Shielded Enclosures and Gaskets

Both the compression of the shields and gaps/cracks in the gasket may may affect slot emissions. It’s really a factor of both the manufacturer’s recommended compression, plus how well the gasket installation is designed. Minimize the length of any gaps between any two pieces of metal enclosure. The leakage can be measured using a near field probe and sliding it along all the enclosure seams. Preferable to be done in ALSE chamber.


Earth Grounding Rod

In EMC testing is needed for establishing a voltage reference, discharge high transient voltages, static discharge, personnel safety.


Pigtail connectors 

Are an insulation displacement connector that are filled with a di-electric grease to prevent moisture from getting inside the connector. No need to strip the ends of  the wires, just insert them into the connector, then squeeze the blue cap down with a pair of pliers.


When the source of the radiation is from common currents on external cables such as those that connect to peripherals, using a “better” cable often has no impact at all on the radiated emissions. That’s because the common currents are flowing on the shield of the cable.

It only takes 3 μA of common current flowing on the shield of a cable, 1 m long, to cause an FCC class B failure

The most important driving voltage for these common currents that causes EMC failures is ground bounce in the connector attaching the cable to the chassis.

Ground bounce is the voltage generated between two regions of the return path due to a changing current flowing through the total inductance of the return path.

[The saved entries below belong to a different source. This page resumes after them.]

text \<open>The algebra generated by the ridge functions \<open>x \<mapsto> expinv p (a x\<^sub>i + b)\<close> is closed under
  partial differentiation, which is how its members are seen to be \<open>C\<^sup>\<infinity>\<close>.\<close>
inductive expinv_algebra :: "(real^'n \<Rightarrow> real) \<Rightarrow> bool" where
  base: "expinv_algebra (\<lambda>x. expinv p (a * x$i + b))"
| const: "expinv_algebra (\<lambda>x. c)"
| add: "expinv_algebra f \<Longrightarrow> expinv_algebra g \<Longrightarrow> expinv_algebra (\<lambda>x. f x + g x)"
| mult: "expinv_algebra f \<Longrightarrow> expinv_algebra g \<Longrightarrow> expinv_algebra (\<lambda>x. f x * g x)"

lemma expinv_algebra_has_derivative:
  assumes "expinv_algebra f"
  shows "\<exists>D. (\<forall>x. (f has_derivative D x) (at x)) \<and> (\<forall>j. expinv_algebra (\<lambda>x. D x (axis j 1)))"
  using assms
proof induction
  case (base p a i b)
  define D where "D = (\<lambda>x h. expinv (expinv_deriv_poly p) (a * x$i + b) * (a * h$i))"
  have "((\<lambda>x. expinv p (a * x$i + b)) has_derivative D x) (at x)" for x
  proof -
    have "((\<lambda>x. a * x$i + b) has_derivative (\<lambda>h. a * h$i)) (at x)"
      by (auto intro!: derivative_eq_intros bounded_linear.has_derivative[OF bounded_linear_vec_nth])
    moreover have "(expinv p has_derivative (\<lambda>s. expinv (expinv_deriv_poly p) (a * x$i + b) * s)) (at (a * x$i + b))"
      using has_real_derivative_expinv by (simp add: has_field_derivative_def)
    ultimately show ?thesis by (auto dest: has_derivative_compose simp: D_def o_def)
  qed
  moreover have "expinv_algebra (\<lambda>x. D x (axis j 1))" for j
    by (cases "j = i") (auto simp: D_def axis_def intro: expinv_algebra.intros)
  ultimately show ?case by blast
next
  case (const c)
  show ?case by (rule exI[of _ "\<lambda>x h. 0"]) (auto intro: expinv_algebra.const)
next
  case (add f g)
  then obtain D1 D2 where "\<forall>x. (f has_derivative D1 x) (at x)" "\<forall>j. expinv_algebra (\<lambda>x. D1 x (axis j 1))"
    "\<forall>x. (g has_derivative D2 x) (at x)" "\<forall>j. expinv_algebra (\<lambda>x. D2 x (axis j 1))" by blast
  then show ?case
    by (intro exI[of _ "\<lambda>x h. D1 x h + D2 x h"]) (auto intro: expinv_algebra.add has_derivative_add)
next
  case (mult f g)
  then obtain D1 D2 where "\<forall>x. (f has_derivative D1 x) (at x)" "\<forall>j. expinv_algebra (\<lambda>x. D1 x (axis j 1))"
    "\<forall>x. (g has_derivative D2 x) (at x)" "\<forall>j. expinv_algebra (\<lambda>x. D2 x (axis j 1))" by blast
  with mult.hyps show ?case
    by (intro exI[of _ "\<lambda>x h. f x * D2 x h + D1 x h * g x"])
      (auto intro!: expinv_algebra.add expinv_algebra.mult has_derivative_mult)
qed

The total inductance of the return path is related to the total number of field lines around the conductor per amp of current flowing through it. When the dI/dt of the return current flows through the total inductance of the connector, it generates a voltage, and this voltage between the chassis and the cable’s shield is what drives the common currents on the cable, which results in an EMC failure.


A coax cable will have no ground bounce because there no external magnetic field around it.

The signal current generates an external magnetic field composed of circular rings of field lines circulating in one is direction.

The return current, if symmetrical about the signal path, generates the identical rings of magnetic field around the cable, but circulating in the opposite direction. These two sets of magnetic field lines exactly cancel out and there is no external magnetic field.

But suppose at the connector, the return current is not perfectly symmetrical about the signal current. Maybe there is a pigtail, maybe the clam shell is not well metalized, or maybe the connector only makes contact at one or two points to the chassis.

Any asymmetry will mean the magnetic field lines from the signal current and return current will not perfectly cancel out. There will be some net magnetic field lines and this will result in some total inductance of the return path. 

In a 50 Ω coax cable, with a 1V signal, having a 1ns rise time, the signal and return current is about 1 V/50 Ω = 20 mA.

Even if the asymmetry is so light as to generate only 0.1 nH of total inductance around the return path of the connector, the ground bounce voltage generated would be 2 mV. 

If the impedance the common current sees returning through all those fringe field lines is about 200 Ω, this 2 mV of ground bounce voltage will drive I = 2 mV/200 Ω = 10 μA.

It only takes 3 μA of common current to fail an EMC certification test.

This ground bounce driven current in the cable shield will cause an EMC failure.